[TASK DATA — start]

(* Write g(x) = x / sqrt(|x|^2 + eps) and split transpose (Rx u) = C0 + cos u C1 + sin u C2.
   Then b(theta, u) = -(F0 theta + cos u F1 theta + sin u F2 theta) with
   Fi theta = <g(R^a), g(R^b) Ci>_F.  Because eps > 0, g is bounded and Lipschitz with a bounded,
   Lipschitz derivative, and this class of maps is closed under sums, bounded bilinear products
   and linear maps; hence the gradients of the Fi belong to it.  An L-Lipschitz gradient makes
   phi + L/2 |x|^2 convex, and since |cos u|, |sin u| <= 1 all constants are uniform in u over
   the whole real line. *)

section \<open>Bounded maps with bounded Lipschitz derivative\<close>

definition bounded_lipschitz :: "('a::metric_space \<Rightarrow> 'b::real_normed_vector) \<Rightarrow> bool" where
  "bounded_lipschitz f \<longleftrightarrow> (\<exists>B. \<forall>x. norm (f x) \<le> B) \<and> (\<exists>L. L-lipschitz_on UNIV f)"

lemma bounded_lipschitzE:
  assumes "bounded_lipschitz f"
  obtains B L where "\<And>x. norm (f x) \<le> B" "L-lipschitz_on UNIV f"
  using assms unfolding bounded_lipschitz_def by blast

lemma bounded_lipschitz_const: "bounded_lipschitz (\<lambda>x. c)"
  unfolding bounded_lipschitz_def by (auto intro: lipschitz_on_constant)

lemma bounded_lipschitz_add:
  assumes "bounded_lipschitz f" "bounded_lipschitz g"
  shows "bounded_lipschitz (\<lambda>x. f x + g x)"
proof -
  obtain Bf Lf Bg Lg where "\<And>x. norm (f x) \<le> Bf" "Lf-lipschitz_on UNIV f"
    and "\<And>x. norm (g x) \<le> Bg" "Lg-lipschitz_on UNIV g"
    using assms by (metis bounded_lipschitzE)
  then have "norm (f x + g x) \<le> Bf + Bg" "(Lf + Lg)-lipschitz_on UNIV (\<lambda>x. f x + g x)" for x
    by (auto intro: norm_triangle_le add_mono lipschitz_on_add)
  then show ?thesis unfolding bounded_lipschitz_def by blast
qed

lemma bounded_lipschitz_minus: "bounded_lipschitz f \<Longrightarrow> bounded_lipschitz (\<lambda>x. - f x)"
  unfolding bounded_lipschitz_def by auto

lemma bounded_lipschitz_diff:
  fixes f g :: "'a::metric_space \<Rightarrow> 'b::real_normed_vector"
  shows "bounded_lipschitz f \<Longrightarrow> bounded_lipschitz g \<Longrightarrow> bounded_lipschitz (\<lambda>x. f x - g x)"
  using bounded_lipschitz_add[of f "\<lambda>x. - g x"] bounded_lipschitz_minus[of g] by simp

lemma bounded_lipschitz_bilinear:
  assumes "bounded_bilinear pr" "bounded_lipschitz f" "bounded_lipschitz g"
  shows "bounded_lipschitz (\<lambda>x. pr (f x) (g x))"
proof -
  interpret bounded_bilinear pr by fact
  obtain K where K: "K \<ge> 0" "\<And>a b. norm (pr a b) \<le> norm a * norm b * K"
    using nonneg_bounded by blast
  obtain Bf Lf Bg Lg where Bf: "\<And>x. norm (f x) \<le> Bf" and Lf: "Lf-lipschitz_on UNIV f"
    and Bg: "\<And>x. norm (g x) \<le> Bg" and Lg: "Lg-lipschitz_on UNIV g"
    using assms(2,3) by (metis bounded_lipschitzE)
  have nonneg: "Bf \<ge> 0" "Bg \<ge> 0" "Lf \<ge> 0" "Lg \<ge> 0"
    using Bf Bg norm_ge_zero order_trans lipschitz_on_nonneg[OF Lf] lipschitz_on_nonneg[OF Lg]
    by blast+
  have "norm (pr (f x) (g x)) \<le> Bf * Bg * K" for x
    using K order_trans[OF K(2)] Bf Bg nonneg by (meson mult_mono mult_right_mono norm_ge_zero)
  moreover have "(K * (Lf * Bg + Bf * Lg))-lipschitz_on UNIV (\<lambda>x. pr (f x) (g x))"
  proof (rule lipschitz_onI)
    fix x y
    have "dist (pr (f x) (g x)) (pr (f y) (g y))
        = norm (pr (f x - f y) (g x) + pr (f y) (g x - g y))"
      by (simp add: dist_norm diff_left diff_right)
    also have "\<dots> \<le> norm (f x - f y) * norm (g x) * K + norm (f y) * norm (g x - g y) * K"
      by (intro order_trans[OF norm_triangle_ineq] add_mono K(2))
    also have "\<dots> \<le> (Lf * dist x y) * Bg * K + Bf * (Lg * dist x y) * K"
      using lipschitz_onD[OF Lf] lipschitz_onD[OF Lg] Bf Bg K(1) nonneg
      by (intro add_mono mult_right_mono mult_mono) (auto simp: dist_norm)
    finally show "dist (pr (f x) (g x)) (pr (f y) (g y)) \<le> K * (Lf * Bg + Bf * Lg) * dist x y"
      by (simp add: algebra_simps)
  qed (use K nonneg in simp)
  ultimately show ?thesis unfolding bounded_lipschitz_def by blast
qed

lemma bounded_lipschitz_linear:
  assumes "bounded_linear T" "bounded_lipschitz f"
  shows "bounded_lipschitz (\<lambda>x. T (f x))"
proof -
  interpret bounded_linear T by fact
  obtain K where K: "K \<ge> 0" "\<And>x. norm (T x) \<le> norm x * K" using nonneg_bounded by blast
  obtain C where C: "C-lipschitz_on (range f) T" using lipschitz_boundE by blast
  obtain B L where "\<And>x. norm (f x) \<le> B" "L-lipschitz_on UNIV f"
    using assms(2) bounded_lipschitzE by blast
  then have "norm (T (f x)) \<le> B * K" "(C * L)-lipschitz_on UNIV (\<lambda>x. T (f x))" for x
    using K order_trans mult_right_mono lipschitz_on_compose2 C by metis+
  then show ?thesis unfolding bounded_lipschitz_def by blast
qed

lemma bounded_lipschitz_compose_linear:
  assumes "bounded_linear P" "bounded_lipschitz f"
  shows "bounded_lipschitz (\<lambda>x. f (P x))"
proof -
  obtain C where C: "C-lipschitz_on UNIV P"
    using bounded_linear.lipschitz_boundE[OF assms(1)] by blast
  obtain B L where "\<And>x. norm (f x) \<le> B" and L: "L-lipschitz_on UNIV f"
    using assms(2) bounded_lipschitzE by blast
  moreover have "(L * C)-lipschitz_on UNIV (\<lambda>x. f (P x))"
    using lipschitz_on_compose2[OF C lipschitz_on_subset[OF L]] by simp
  ultimately show ?thesis unfolding bounded_lipschitz_def by blast
qed

definition bounded_C11 :: "('a::real_normed_vector \<Rightarrow> 'b::real_normed_vector) \<Rightarrow> bool" where
  "bounded_C11 f \<longleftrightarrow> bounded_lipschitz f \<and>
     (\<exists>f'. (\<forall>x. (f has_derivative blinfun_apply (f' x)) (at x)) \<and> bounded_lipschitz f')"

lemma bounded_C11E:
  assumes "bounded_C11 f"
  obtains f' where "bounded_lipschitz f" "\<And>x. (f has_derivative blinfun_apply (f' x)) (at x)"
    "bounded_lipschitz f'"
  using assms unfolding bounded_C11_def by blast

lemma bounded_C11_const: "bounded_C11 (\<lambda>x. c)"
  unfolding bounded_C11_def
  by (auto intro!: bounded_lipschitz_const exI[of _ "\<lambda>x. 0"] derivative_eq_intros)

lemma bounded_C11_add:
  assumes "bounded_C11 f" "bounded_C11 g"
  shows "bounded_C11 (\<lambda>x. f x + g x)"
proof -
  obtain f' g' where f: "bounded_lipschitz f" "\<And>x. (f has_derivative blinfun_apply (f' x)) (at x)"
      "bounded_lipschitz f'"
    and g: "bounded_lipschitz g" "\<And>x. (g has_derivative blinfun_apply (g' x)) (at x)"
      "bounded_lipschitz g'"
    using assms by (metis bounded_C11E)
  show ?thesis unfolding bounded_C11_def
    by (auto intro!: bounded_lipschitz_add f g exI[of _ "\<lambda>x. f' x + g' x"] derivative_eq_intros
        simp: blinfun.add_left)
qed

lemma bounded_C11_minus:
  assumes "bounded_C11 f"
  shows "bounded_C11 (\<lambda>x. - f x)"
proof -
  obtain f' where f: "bounded_lipschitz f" "\<And>x. (f has_derivative blinfun_apply (f' x)) (at x)"
      "bounded_lipschitz f'"
    using assms by (metis bounded_C11E)
  show ?thesis unfolding bounded_C11_def
    by (auto intro!: bounded_lipschitz_minus f exI[of _ "\<lambda>x. - f' x"] derivative_eq_intros
        simp: blinfun.minus_left)
qed

lemma bounded_C11_diff:
  fixes f g :: "'a::real_normed_vector \<Rightarrow> 'b::real_normed_vector"
  shows "bounded_C11 f \<Longrightarrow> bounded_C11 g \<Longrightarrow> bounded_C11 (\<lambda>x. f x - g x)"
  using bounded_C11_add[of f "\<lambda>x. - g x"] bounded_C11_minus[of g] by simp

lemma bounded_C11_bilinear:
  assumes pr: "bounded_bilinear pr" and "bounded_C11 f" "bounded_C11 g"
  shows "bounded_C11 (\<lambda>x. pr (f x) (g x))"
proof -
  interpret bounded_bilinear pr by fact
  obtain f' g' where f: "bounded_lipschitz f" "\<And>x. (f has_derivative blinfun_apply (f' x)) (at x)"
      "bounded_lipschitz f'"
    and g: "bounded_lipschitz g" "\<And>x. (g has_derivative blinfun_apply (g' x)) (at x)"
      "bounded_lipschitz g'"
    using assms(2,3) by (metis bounded_C11E)
  define D where "D x = (prod_right (f x) o\<^sub>L g' x) + (prod_left (g x) o\<^sub>L f' x)" for x
  have "blinfun_apply (D x) = (\<lambda>h. pr (f x) (g' x h) + pr (f' x h) (g x))" for x
    by (rule ext) (simp add: D_def blinfun.add_left bounded_bilinear.prod_left.rep_eq[OF pr]
        bounded_bilinear.prod_right.rep_eq[OF pr])
  then have "((\<lambda>x. pr (f x) (g x)) has_derivative blinfun_apply (D x)) (at x)" for x
    using FDERIV[OF f(2) g(2)] by simp
  moreover have "bounded_lipschitz D"
    unfolding D_def
    by (intro bounded_lipschitz_add bounded_lipschitz_bilinear[OF bounded_bilinear_blinfun_compose]
        bounded_lipschitz_linear[OF bounded_linear_prod_right]
        bounded_lipschitz_linear[OF bounded_linear_prod_left] f g)
  ultimately show ?thesis
    unfolding bounded_C11_def using bounded_lipschitz_bilinear[OF pr f(1) g(1)] by blast
qed

lemma bounded_C11_linear:
  assumes T: "bounded_linear T" and "bounded_C11 f"
  shows "bounded_C11 (\<lambda>x. T (f x))"
proof -
  obtain f' where f: "bounded_lipschitz f" "\<And>x. (f has_derivative blinfun_apply (f' x)) (at x)"
      "bounded_lipschitz f'"
    using assms(2) by (metis bounded_C11E)
  have "((\<lambda>x. T (f x)) has_derivative blinfun_apply (Blinfun T o\<^sub>L f' x)) (at x)" for x
    using bounded_linear.has_derivative[OF T f(2)]
    by (simp add: bounded_linear_Blinfun_apply[OF T] blinfun_compose.rep_eq o_def)
  moreover have "bounded_lipschitz (\<lambda>x. Blinfun T o\<^sub>L f' x)"
    by (intro bounded_lipschitz_bilinear[OF bounded_bilinear_blinfun_compose]
        bounded_lipschitz_const f)
  ultimately show ?thesis
    unfolding bounded_C11_def using bounded_lipschitz_linear[OF T f(1)]
    by (intro conjI exI[of _ "\<lambda>x. Blinfun T o\<^sub>L f' x"]) auto
qed

lemma bounded_C11_gradient_imp_twice_diff_loc_lip_hessian:
  fixes f :: "'a::euclidean_space \<Rightarrow> real"
  assumes "\<And>x. GDERIV f x :> g x" "bounded_C11 g"
  shows "twice_diff_loc_lip_hessian f"
proof -
  obtain H where "\<And>x. (g has_derivative blinfun_apply (H x)) (at x)" "bounded_lipschitz H"
    using assms(2) by (metis bounded_C11E)
  moreover from this(2) obtain K where "K-lipschitz_on UNIV H"
    by (metis bounded_lipschitzE)
  then have "K-lipschitz_on (ball x 1) H" for x
    by (rule lipschitz_on_subset) simp
  ultimately show ?thesis
    unfolding twice_diff_loc_lip_hessian_def using assms(1) zero_less_one by blast
qed

section \<open>The regularized normalization\<close>

definition reg_norm :: "real \<Rightarrow> 'a::real_inner \<Rightarrow> real" where
  "reg_norm e x = sqrt (x \<bullet> x + e)"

[TASK DATA — finish]

◆ TASK PROMPT:
Of all the entries above, output exactly the lines between the one holding "by (auto intro!: bounded_lipschitz_const" and the one holding "using bounded_C11_add[of f", inclusive.

◆ OUTPUT OF THE EXERCISE:
  by (auto intro!: bounded_lipschitz_const exI[of _ "\<lambda>x. 0"] derivative_eq_intros)

lemma bounded_C11_add:
  assumes "bounded_C11 f" "bounded_C11 g"
  shows "bounded_C11 (\<lambda>x. f x + g x)"
proof -
  obtain f' g' where f: "bounded_lipschitz f" "\<And>x. (f has_derivative blinfun_apply (f' x)) (at x)"
      "bounded_lipschitz f'"
    and g: "bounded_lipschitz g" "\<And>x. (g has_derivative blinfun_apply (g' x)) (at x)"
      "bounded_lipschitz g'"
    using assms by (metis bounded_C11E)
  show ?thesis unfolding bounded_C11_def
    by (auto intro!: bounded_lipschitz_add f g exI[of _ "\<lambda>x. f' x + g' x"] derivative_eq_intros
        simp: blinfun.add_left)
qed

lemma bounded_C11_minus:
  assumes "bounded_C11 f"
  shows "bounded_C11 (\<lambda>x. - f x)"
proof -
  obtain f' where f: "bounded_lipschitz f" "\<And>x. (f has_derivative blinfun_apply (f' x)) (at x)"
      "bounded_lipschitz f'"
    using assms by (metis bounded_C11E)
  show ?thesis unfolding bounded_C11_def
    by (auto intro!: bounded_lipschitz_minus f exI[of _ "\<lambda>x. - f' x"] derivative_eq_intros
        simp: blinfun.minus_left)
qed

lemma bounded_C11_diff:
  fixes f g :: "'a::real_normed_vector \<Rightarrow> 'b::real_normed_vector"
  shows "bounded_C11 f \<Longrightarrow> bounded_C11 g \<Longrightarrow> bounded_C11 (\<lambda>x. f x - g x)"
  using bounded_C11_add[of f "\<lambda>x. - g x"] bounded_C11_minus[of g] by simp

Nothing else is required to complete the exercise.